There is currently no cure for glioblastoma and average life expectancy after diagnosis is 14 to 15 months. Over the last decade, however, scientists have made considerable progress in the characterization of glioblastoma on the molecular level and are now able to classify glioblastoma tumors into three major subtypes: proneural, mesenchymal and classical. Each tumor subtype is defined by different characteristics, including gene expression and the activation of various cell signaling pathways, which may aid scientists in determining how each subtype responds to specific therapies.

Disease progression for glioblastoma is driven by glioma stem cells, a subpopulation of glioblastoma tumor cells that are notorious for being able to evade many treatment approaches. Glioma stem cells are not static but rather plastic, meaning they can evolve their characteristics and adapt to radiation and chemotherapy treatments. Due to their high plasticity, combined with their ability to constantly self-renew, glioma stem cells can give rise to “offspring” cells with even more therapeutic resistance and contribute to the disease’s overall treatment failure and cancer recurrence.

“If you picture our fight against cancer as a competition of cleverness between cancer and medical professionals, then we are now trying to target the smartest subpopulation of cancer cells,” said lead author Frank Eckerdt, PhD, research assistant professor of Neurological Surgery, who is also a member of the Lurie Cancer Center.

For the current study, investigators grew three-dimensional glioblastoma “neurospheres,” or glioma stem cell models, to identify any increased activation of specific cell signaling pathways and determine if targeting these pathways would prove effective in decreasing tumor cell growth.

Frank Eckerdt, PhD, research assistant professor of Neurological Surgery and a member of the Robert H. Lurie Comprehensive Cancer Center, was lead author of the study.

Using an advanced stem cell assay analysis technique, the investigators found increased activation of the PI3K/AKT signaling pathway — essential for regulating cancer cell division — specifically in glioma stem cells representing the proneural glioblastoma tumor subtype. According to Eckerdt, previous work has suggested that this same pathway is also an effective therapeutic target for treating medulloblastoma, the most common type of brain cancer in children.

The team also found increased expression of the alpha catalytic PI3K isoform in proneural glioblastoma patient samples, which was associated with poor prognosis in this group of patients.

To ascertain whether targeting this specific isoform might be a promising anti-cancer strategy specifically for proneural glioblastoma, the investigators used alpelisib, a drug currently used to treat certain types of breast cancer. Additionally, this drug selectively inhibits the alpha catalytic PI3K isoform and exhibits greatly reduced toxicity as compared to other PI3K inhibitors.

The investigators found that alpelisib dramatically reduced growth of glioma stem cells of the proneural subtype.
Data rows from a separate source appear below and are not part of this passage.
lemma sigma_chain_eq_chain_label:
  assumes du: "distinct u" and su: "set u = {1..int n}" and n: "2 \<le> n"
  shows "sigma_chain n (r_op 0 1 1 1 (tau_m1 u)) = map (chain_label (\<lambda>x y. precedes x y u) (n - 2)) u"
proof -
  define lt where "lt = (\<lambda>x y. precedes x y u)"
  have "fold (\<lambda>a v. sigma_op (int a) v) [1..<Suc m] (map (chain_label lt 0) u) = map (chain_label lt m) u"
    if "m \<le> n - 2" for m
    using that
  proof (induction m)
    case (Suc m)
    have "{fst (top_pair lt m), snd (top_pair lt m), int m + 3} \<subseteq> set u"
      using chain_label_facts(2,3)[where lt=lt and m=m] Suc.prems su by auto
    then have "sigma_op (int (Suc m)) (map (chain_label lt m) u) = map (chain_label lt (Suc m)) u"
      by (intro sigma_op_chain_label[OF du]) (auto simp: su lt_def)
    then show ?case using Suc by simp
  qed simp
  moreover have "[1..<n - 1] = [1..<Suc (n - 2)]"
    using n by (simp add: Suc_diff_Suc numeral_2_eq_2)
  moreover have "r_op 0 1 1 1 (tau_m1 u) = map (chain_label lt 0) u"
    by (auto simp: r_op_def tau_m1_def)
  ultimately show ?thesis by (simp add: sigma_chain_def lt_def)
qed

lemma chain_label_cong:
  assumes "\<forall>m<K. \<forall>x\<in>{fst (top_pair lt m), snd (top_pair lt m), int m + 3}.
      \<forall>y\<in>{fst (top_pair lt m), snd (top_pair lt m), int m + 3}. lt x y = lt' x y"
  shows "m \<le> K \<Longrightarrow> top_pair lt m = top_pair lt' m \<and> chain_label lt m = chain_label lt' m"
proof (induction m)
  case (Suc m)
  then have IH: "top_pair lt m = top_pair lt' m" "chain_label lt m = chain_label lt' m" by auto
  let ?p = "fst (top_pair lt m)" and ?q = "snd (top_pair lt m)"
  have "kept lt ?p ?q (int m + 3) = kept lt' ?p ?q (int m + 3)"
       "promoted lt ?p ?q (int m + 3) = promoted lt' ?p ?q (int m + 3)"
    using assms Suc.prems by (auto simp: kept_def promoted_def between_def)
  then show ?case using IH by (auto simp: fun_eq_iff)
qed (auto simp: fun_eq_iff)

lemma chain_label_cong_range:
  assumes agree: "\<forall>x\<in>{1..int n}. \<forall>y\<in>{1..int n}. lt x y = lt' x y" and m: "m \<le> n - 2"
  shows "chain_label lt m = chain_label lt' m"
proof -
  have "\<forall>k<n - 2. \<forall>x\<in>{fst (top_pair lt k), snd (top_pair lt k), int k + 3}.
      \<forall>y\<in>{fst (top_pair lt k), snd (top_pair lt k), int k + 3}. lt x y = lt' x y"
  proof (intro allI impI)
    fix k assume "k < n - 2"
    then have "{fst (top_pair lt k), snd (top_pair lt k), int k + 3} \<subseteq> {1..int n}"
      using chain_label_facts(2,3)[where lt=lt and m=k] by auto
    then show "\<forall>x\<in>{fst (top_pair lt k), snd (top_pair lt k), int k + 3}.
      \<forall>y\<in>{fst (top_pair lt k), snd (top_pair lt k), int k + 3}. lt x y = lt' x y"
      using agree by blast
  qed
  then show ?thesis using chain_label_cong m by blast
qed

section \<open>Two reading orders on the cells of a standard tableau\<close>

definition col_order :: "(int \<Rightarrow> nat) \<Rightarrow> (int \<Rightarrow> nat) \<Rightarrow> int \<Rightarrow> int \<Rightarrow> bool" where
  "col_order row col x y \<longleftrightarrow> col y < col x \<or> (col x = col y \<and> row x < row y)"

definition row_order :: "(int \<Rightarrow> nat) \<Rightarrow> (int \<Rightarrow> nat) \<Rightarrow> int \<Rightarrow> int \<Rightarrow> bool" where
  "row_order row col x y \<longleftrightarrow> row x < row y \<or> (row x = row y \<and> col y < col x)"

lemma col_order_eq_row_order:
  assumes "row x \<noteq> row y \<or> col x \<noteq> col y"
    and "\<not> (row x < row y \<and> col x < col y)" and "\<not> (row y < row x \<and> col y < col x)"
  shows "col_order row col x y = row_order row col x y"
  using assms unfolding col_order_def row_order_def by auto

text \<open>The letters \<open>p\<close> and \<open>q\<close> sit in two outer corners of the subtableau of letters
  \<open>\<le> m + 2\<close>, the higher one weakly to the left of the lower one.\<close>

definition corner_pair :: "(int \<Rightarrow> nat) \<Rightarrow> (int \<Rightarrow> nat) \<Rightarrow> nat \<Rightarrow> int \<Rightarrow> int \<Rightarrow> bool" where
  "corner_pair row col m p q \<longleftrightarrow> p \<noteq> q \<and> p \<in> {1..int m + 2} \<and> q \<in> {1..int m + 2} \<and>
     row p \<noteq> row q \<and> (row q < row p \<longrightarrow> col p \<le> col q) \<and> (row p < row q \<longrightarrow> col q \<le> col p) \<and>
     (\<forall>y\<in>{1..int m + 2}. y \<noteq> p \<longrightarrow> y \<noteq> q \<longrightarrow>
        \<not> (row p \<le> row y \<and> col p \<le> col y) \<and> \<not> (row q \<le> row y \<and> col q \<le> col y))"

lemma corner_pair_maximal:
  "corner_pair row col m p q \<Longrightarrow> y \<in> {1..int m + 2} \<Longrightarrow> x = p \<or> x = q \<Longrightarrow>
   row x \<le> row y \<Longrightarrow> col x \<le> col y \<Longrightarrow> y = p \<or> y = q"
  unfolding corner_pair_def by blast

lemma corner_pair_sym: "corner_pair row col m p q \<longleftrightarrow> corner_pair row col m q p"
  unfolding corner_pair_def by auto

locale cell_placement =
  fixes row col :: "int \<Rightarrow> nat" and n :: nat
  assumes cell_inj:
      "x \<in> {1..int n} \<Longrightarrow> y \<in> {1..int n} \<Longrightarrow> row x = row y \<Longrightarrow> col x = col y \<Longrightarrow> x = y"
    and cell_mono:
      "x \<in> {1..int n} \<Longrightarrow> y \<in> {1..int n} \<Longrightarrow> row x \<le> row y \<Longrightarrow> col x \<le> col y \<Longrightarrow> x \<le> y"
    and cells_down_closed:
      "y \<in> {1..int n} \<Longrightarrow> r \<le> row y \<Longrightarrow> c \<le> col y \<Longrightarrow> \<exists>x\<in>{1..int n}. row x = r \<and> col x = c"
begin

lemma corner_pair_initial:
  assumes n: "2 \<le> n" and ord: "row_order row col 1 2"
  shows "corner_pair row col 0 1 2"
proof -
  have r1: "(1::int) \<in> {1..int n}" and r2: "(2::int) \<in> {1..int n}" using n by auto
  have rows: "row 1 < row 2"
  proof (rule ccontr)
    assume "\<not> row 1 < row 2"
    then have "(2::int) \<le> 1" using ord cell_mono[OF r2 r1] unfolding row_order_def by auto
    then show False by simp
  qed
  have "col 2 \<le> col 1"
  proof (rule ccontr)
    assume cols: "\<not> col 2 \<le> col 1"
    then obtain w where w: "w \<in> {1..int n}" "row w = row 1" "col w = col 2"
      using cells_down_closed[OF r2, of "row 1" "col 2"] rows by auto
    then have "w \<le> 2" using cell_mono[OF w(1) r2] rows by auto
    moreover have "w \<noteq> 2" "w \<noteq> 1" using w rows cols by auto
    ultimately show False using w(1) by auto
  qed
  then show ?thesis unfolding corner_pair_def using rows by auto
qed

lemma not_weakly_SW_of_smaller:
  assumes "y \<in> {1..int n}" "z \<in> {1..int n}" "y < z"
  shows "\<not> (row z \<le> row y \<and> col z \<le> col y)"
  using cell_mono[of z y] assms by auto

text \<open>Otherwise the cells in the row of \<open>W\<close> and the column of \<open>m + 3\<close>, and in the row of
  \<open>m + 3\<close> and the column of \<open>W\<close>, would hold two distinct letters \<open>\<le> m + 2\<close> weakly
  north-east of \<open>W\<close>, but only the partner of \<open>W\<close> may be such a letter.\<close>

lemma corner_not_SW_of_next:
  assumes G: "corner_pair row col m p q" and zn: "int m + 3 \<le> int n" and W: "W = p \<or> W = q"
  shows "\<not> (row W < row (int m + 3) \<and> col W < col (int m + 3))"
proof
  define z where "z = int m + 3"
  assume NE: "row W < row (int m + 3) \<and> col W < col (int m + 3)"
  have zr: "z \<in> {1..int n}" using zn unfolding z_def by auto
  have other_corner: "x = p \<or> x = q"
    if x: "x \<in> {1..int n}" "row x \<le> row z" "col x \<le> col z" "x \<noteq> z"
      "row W \<le> row x" "col W \<le> col x" for x
  proof -
    have "x \<le> z" using cell_mono[OF x(1) zr] x(2,3) .
    then have "x \<in> {1..int m + 2}" using x(1,4) unfolding z_def by auto
    then show ?thesis using corner_pair_maximal[OF G _ W] x(5,6) by blast
  qed
  obtain x1 where x1: "x1 \<in> {1..int n}" "row x1 = row W" "col x1 = col z"
    using cells_down_closed[OF zr, of "row W" "col z"] NE unfolding z_def by auto
  obtain x2 where x2: "x2 \<in> {1..int n}" "row x2 = row z" "col x2 = col W"
    using cells_down_closed[OF zr, of "row z" "col W"] NE unfolding z_def by auto
  have ne: "x1 \<noteq> z" "x2 \<noteq> z" "x1 \<noteq> W" "x2 \<noteq> W" "x1 \<noteq> x2"
    using x1 x2 NE unfolding z_def by auto
  have "x1 = p \<or> x1 = q" using other_corner[OF x1(1) _ _ ne(1)] x1 NE unfolding z_def by auto
  moreover have "x2 = p \<or> x2 = q" using other_corner[OF x2(1) _ _ ne(2)] x2 NE unfolding z_def by auto
  ultimately show False using W ne by metis
qed

lemma promoted_row_order:
  assumes "{p, q} = {X, Y}" "row Y < row X"
  shows "promoted (row_order row col) p q z = (if between (row_order row col) Y z X then Y else X)"
proof -
  have ord: "\<not> row_order row col X Y" "row_order row col Y X"
    using assms(2) unfolding row_order_def by auto
  have btw: "between (row_order row col) X z Y = between (row_order row col) Y z X"
    unfolding between_def by blast
  from assms(1) consider "p = X" "q = Y" | "p = Y" "q = X" unfolding doubleton_eq_iff by blast
  then show ?thesis by cases (simp_all add: promoted_def ord btw)
qed

lemma between_row_order:
  assumes "row Y < row X"
  shows "between (row_order row col) Y z X \<longleftrightarrow> row_order row col Y z \<and> row_order row col z X"
proof -
  have "\<not> (row_order row col X z \<and> row_order row col z Y)"
  proof
    assume "row_order row col X z \<and> row_order row col z Y"
    then have "row X \<le> row z" "row z \<le> row Y" unfolding row_order_def by auto
    then show False using assms by simp
  qed
  then show ?thesis unfolding between_def by blast
qed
Futhermore, they discovered that the effects of alpelisib were enhanced in other glioblastoma subtypes when combined with pharmacological inhibition of mTOR, an enzyme that is essential for proper activation of additional cancer promoting cell signaling pathways.
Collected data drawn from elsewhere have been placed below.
lemma (in prob_space) obtain_pmf_distr_countable_support:
  assumes "Y \<in> M \<rightarrow>\<^sub>M count_space UNIV" and "countable S" and "AE \<omega> in M. Y \<omega> \<in> S"
  obtains p where "measure_pmf p = distr M (count_space UNIV) Y" and "set_pmf p \<subseteq> S"
proof -
  let ?D = "distr M (count_space UNIV) Y"
  interpret D: prob_space ?D
    using assms(1) by (rule prob_space_distr)
  have sets_D: "sets ?D = UNIV" by simp
  have AE_S: "AE x in ?D. x \<in> S"
    using assms by (subst AE_distr_iff) auto
  then have "AE x in ?D. measure ?D {x} \<noteq> 0"
    using assms(2) D.AE_support_countable[OF sets_D] by blast
  then have p: "measure_pmf (Abs_pmf ?D) = ?D"
    using sets_D D.prob_space_axioms by (intro Abs_pmf_inverse) auto
  moreover have "AE x in measure_pmf (Abs_pmf ?D). x \<in> S"
    using AE_S by (simp only: p)
  then have "set_pmf (Abs_pmf ?D) \<subseteq> S"
    by (auto simp: AE_measure_pmf_iff)
  ultimately show ?thesis by (rule that)
qed

lemma measurable_restrict_finite_valued:
  fixes X :: "'a \<Rightarrow> 'i \<Rightarrow> 'b :: t1_space"
  assumes "finite I" and "finite S" and "\<And>i. i \<in> I \<Longrightarrow> (\<lambda>\<omega>. X \<omega> i) \<in> borel_measurable M"
    and "\<And>\<omega>. \<omega> \<in> space M \<Longrightarrow> restrict (X \<omega>) I \<in> S"
  shows "(\<lambda>\<omega>. restrict (X \<omega>) I) \<in> M \<rightarrow>\<^sub>M count_space UNIV"
proof -
  have "(\<lambda>\<omega>. restrict (X \<omega>) I) -` {a} \<inter> space M \<in> sets M" for a
  proof -
    have "(\<lambda>\<omega>. restrict (X \<omega>) I) -` {a} \<inter> space M
        = {\<omega> \<in> space M. (\<forall>i\<in>I. X \<omega> i = a i) \<and> a \<in> extensional I}"
      by (auto simp: fun_eq_iff extensional_def)
    also have "\<dots> \<in> sets M"
      using assms(1,3) by measurable
    finally show ?thesis .
  qed
  then have "(\<lambda>\<omega>. restrict (X \<omega>) I) \<in> M \<rightarrow>\<^sub>M count_space S"
    using assms(2,4) by (subst measurable_count_space_eq2) auto
  then show ?thesis
    by (rule measurable_compose) simp
qed

lemma rho_in_U:
  fixes X :: "'a \<Rightarrow> nat \<Rightarrow> real"
  assumes "prob_space M"
    and meas: "\<And>i. i < N \<Longrightarrow> (\<lambda>\<omega>. X \<omega> i) \<in> borel_measurable M"
    and pm1: "\<And>\<omega> i. \<omega> \<in> space M \<Longrightarrow> i < N \<Longrightarrow> X \<omega> i \<in> {-1, 1}"
  shows "rho M X N \<in> U N"
proof -
  interpret prob_space M by fact
  define Y where "Y \<omega> = restrict (X \<omega>) {..<N}" for \<omega>
  let ?S = "PiE {..<N} (\<lambda>_. {-1, 1 :: real})"
  have Y_S: "Y \<omega> \<in> ?S" if "\<omega> \<in> space M" for \<omega>
    using pm1 that by (auto simp: Y_def)
  have Y_meas: "Y \<in> M \<rightarrow>\<^sub>M count_space UNIV"
    unfolding Y_def using meas Y_S[unfolded Y_def]
    by (intro measurable_restrict_finite_valued[where S="?S"]) (auto simp: finite_PiE)
  have "countable ?S"
    by (simp add: countable_finite finite_PiE)
  moreover have "AE \<omega> in M. Y \<omega> \<in> ?S"
    using Y_S by (rule AE_I2)
  ultimately obtain p where p: "measure_pmf p = distr M (count_space UNIV) Y"
    and supp: "set_pmf p \<subseteq> ?S"
    using obtain_pmf_distr_countable_support[OF Y_meas] by blast
  have "rho (measure_pmf p) (\<lambda>x. x) N = rho M X N"
    using Y_meas by (auto simp: fun_eq_iff rho_def p integral_distr Y_def)
  moreover have "\<forall>x\<in>set_pmf p. pm1_vec N x"
    using supp by (auto simp: pm1_vec_def PiE_iff)
  ultimately show ?thesis
    unfolding U_def by (auto intro!: exI[of _ p])
qed

lemma in_U_E:
  assumes "r \<in> U N"
  obtains p where "r = rho (measure_pmf p) (\<lambda>x. x) N"
    and "AE x in measure_pmf p. \<forall>i<N. x i \<in> {-1, 1}"
  using assms unfolding U_def pm1_vec_def by (auto simp: AE_measure_pmf_iff)

lemma U_diag: "r \<in> U N \<Longrightarrow> i < N \<Longrightarrow> r i i = 1"
  by (erule in_U_E) (simp add: measure_pmf.rho_diag_pm1)

lemma U_sym: "r \<in> U N \<Longrightarrow> r i j = r j i"
  by (erule in_U_E) (simp add: rho_sym)

lemma U_quadratic_form_nonneg:
  assumes "r \<in> U N"
  shows "0 \<le> (\<Sum>i<N. l i * (\<Sum>j<N. r i j * l j))"
proof -
  obtain p where r: "r = rho (measure_pmf p) (\<lambda>x. x) N"
    and pm1: "AE x in measure_pmf p. \<forall>i<N. x i \<in> {-1, 1}"
    using assms by (rule in_U_E)
  have "(\<Sum>i<N. l i * (\<Sum>j<N. r i j * l j)) = (\<integral>x. (\<Sum>j<N. l j * x j)\<^sup>2 \<partial>measure_pmf p)"
    unfolding r using pm1 by (intro rho_quadratic_form measure_pmf.integrable_pm1_products) auto
  then show ?thesis
    by simp
qed

lemma kernel_vector_has_two_nonzero_entries:
  fixes r :: "nat \<Rightarrow> nat \<Rightarrow> 'b :: semiring_1"
  assumes "a < N" and "r a a = 1" and "(\<Sum>j<N. r a j * l j) = 0" and "l a \<noteq> 0"
  obtains b where "b < N" and "b \<noteq> a" and "l b \<noteq> 0"
proof (rule ccontr)
  assume "\<not> thesis"
  with that have "\<forall>j \<in> {..<N} - {a}. l j = 0"
    by blast
  then have "(\<Sum>j<N. r a j * l j) = l a"
    using assms(1,2) by (simp add: sum.remove)
  with assms(3,4) show False
    by simp
qed

lemma sum_off_diagonal_squares_pos:
  fixes l :: "nat \<Rightarrow> 'b :: linordered_idom"
  assumes "a < N" "b < N" "a \<noteq> b" "l a \<noteq> 0" "l b \<noteq> 0"
  shows "0 < (\<Sum>i<N. \<Sum>j<N. if i = j then 0 else (l i * l j)\<^sup>2)"
  using assms by (intro sum_pos2[of _ a] sum_pos2[of _ b] sum_nonneg) auto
Overall, the current findings could serve as the foundation for future clinical trials, according to the authors.

“Insights from studying these highly plastic glioma stem cells and their escape mechanisms may become an important part of our armory used to combating this deadly disease,” Eckerdt said.

“Going forward, we plan to work closely with our colleagues in the Northwestern Brain Tumor SPORE to develop clinical translational applications relevant to these findings,” Platanias added.

Co-authors of the study include Mariafausta Fischietti, PhD, research assistant professor of Medicine in the Division of Hematology and Oncology, and Goldman, who is also a member of the Lurie Cancer Center.

This work was supported by grants from the National Cancer Institute and the National Institute for Neurological Disorders and Stroke.